--- YOUR TASK ---
Type out the records that follow, exactly as given.

--- DATA FOR THIS TASK ---
□ □ □ □ □

(* Consider the cyclic-schedule model in the context and fix a source $n$ with $p_n<1$. Then the long-run average of $\tilde S_{n,k}$ (the limit, almost surely, of $\frac1K'\sum_{k=1}^{K'}\tilde S_{n,k}$ as $K'\to\infty$), denoted $\tilde s_n$, satisfies $$\tilde s_n=\frac{1}{u_n}\Big(p_n s_n+\frac{1}{\alpha_n}\sum_{k=1}^{\alpha_n}s_{n,k-1}\Big)=\frac{1}{u_n}\Big(p_n s_n+\frac{1}{\alpha_n}\sum_{m\neq n}\alpha_m s_m\Big)=\frac{s_n}{u_n\tau_n}-s_n,$$ where $\tau_n=\frac{\alpha_n s_n}{\sum_{m=1}^N\alpha_m s_m}$ is the long-run fraction of time the channel is occupied by (successful or unsuccessful) source-$n$ transmissions.
   Context: Cyclic-schedule model: There are $N$ sources. A pattern $P=[P_0,\dots,P_{K-1}]$ with $P_k\in\{1,\dots,N\}$ is fixed, in which source $n$ appears $\alpha_n\ge 1$ times. Transmissions occur back-to-back; the $t$-th transmission ($t=0,1,2,\dots$) is from source $P_{t\bmod K}$. Service (transmission) times are mutually independent, and those of source $m$ are i.i.d. copies of a random variable $S_m$ with finite mean $s_m$ and finite second moment. Each transmission of source $m$ independently fails (packet drop) with probability $p_m\in[0,1)$ and succeeds with probability $u_m=1-p_m$. $\tilde S_{n,k}$ is the total time between the end of the $k$-th successful source-$n$ transmission and the beginning of the $(k+1)$-th successful source-$n$ transmission (i.e. the sum of service times of all transmissions strictly between them, including failed source-$n$ transmissions). For $k=0,\dots,\alpha_n-1$, $s_{n,k}$ is the sum of the mean service times $s_m$ of the pattern entries strictly between the $k$-th and $(k+1)$-th appearances of source $n$ in $P$ (cyclically, the last gap wrapping around to the first appearance). *)

theory Defs
  imports "HOL-Probability.Probability"
begin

□ □ □ □ □

--- WRITTEN RESPONSE ---
(* Consider the cyclic-schedule model in the context and fix a source $n$ with $p_n<1$. Then the long-run average of $\tilde S_{n,k}$ (the limit, almost surely, of $\frac1K'\sum_{k=1}^{K'}\tilde S_{n,k}$ as $K'\to\infty$), denoted $\tilde s_n$, satisfies $$\tilde s_n=\frac{1}{u_n}\Big(p_n s_n+\frac{1}{\alpha_n}\sum_{k=1}^{\alpha_n}s_{n,k-1}\Big)=\frac{1}{u_n}\Big(p_n s_n+\frac{1}{\alpha_n}\sum_{m\neq n}\alpha_m s_m\Big)=\frac{s_n}{u_n\tau_n}-s_n,$$ where $\tau_n=\frac{\alpha_n s_n}{\sum_{m=1}^N\alpha_m s_m}$ is the long-run fraction of time the channel is occupied by (successful or unsuccessful) source-$n$ transmissions.
   Context: Cyclic-schedule model: There are $N$ sources. A pattern $P=[P_0,\dots,P_{K-1}]$ with $P_k\in\{1,\dots,N\}$ is fixed, in which source $n$ appears $\alpha_n\ge 1$ times. Transmissions occur back-to-back; the $t$-th transmission ($t=0,1,2,\dots$) is from source $P_{t\bmod K}$. Service (transmission) times are mutually independent, and those of source $m$ are i.i.d. copies of a random variable $S_m$ with finite mean $s_m$ and finite second moment. Each transmission of source $m$ independently fails (packet drop) with probability $p_m\in[0,1)$ and succeeds with probability $u_m=1-p_m$. $\tilde S_{n,k}$ is the total time between the end of the $k$-th successful source-$n$ transmission and the beginning of the $(k+1)$-th successful source-$n$ transmission (i.e. the sum of service times of all transmissions strictly between them, including failed source-$n$ transmissions). For $k=0,\dots,\alpha_n-1$, $s_{n,k}$ is the sum of the mean service times $s_m$ of the pattern entries strictly between the $k$-th and $(k+1)$-th appearances of source $n$ in $P$ (cyclically, the last gap wrapping around to the first appearance). *)

theory Defs
  imports "HOL-Probability.Probability"
begin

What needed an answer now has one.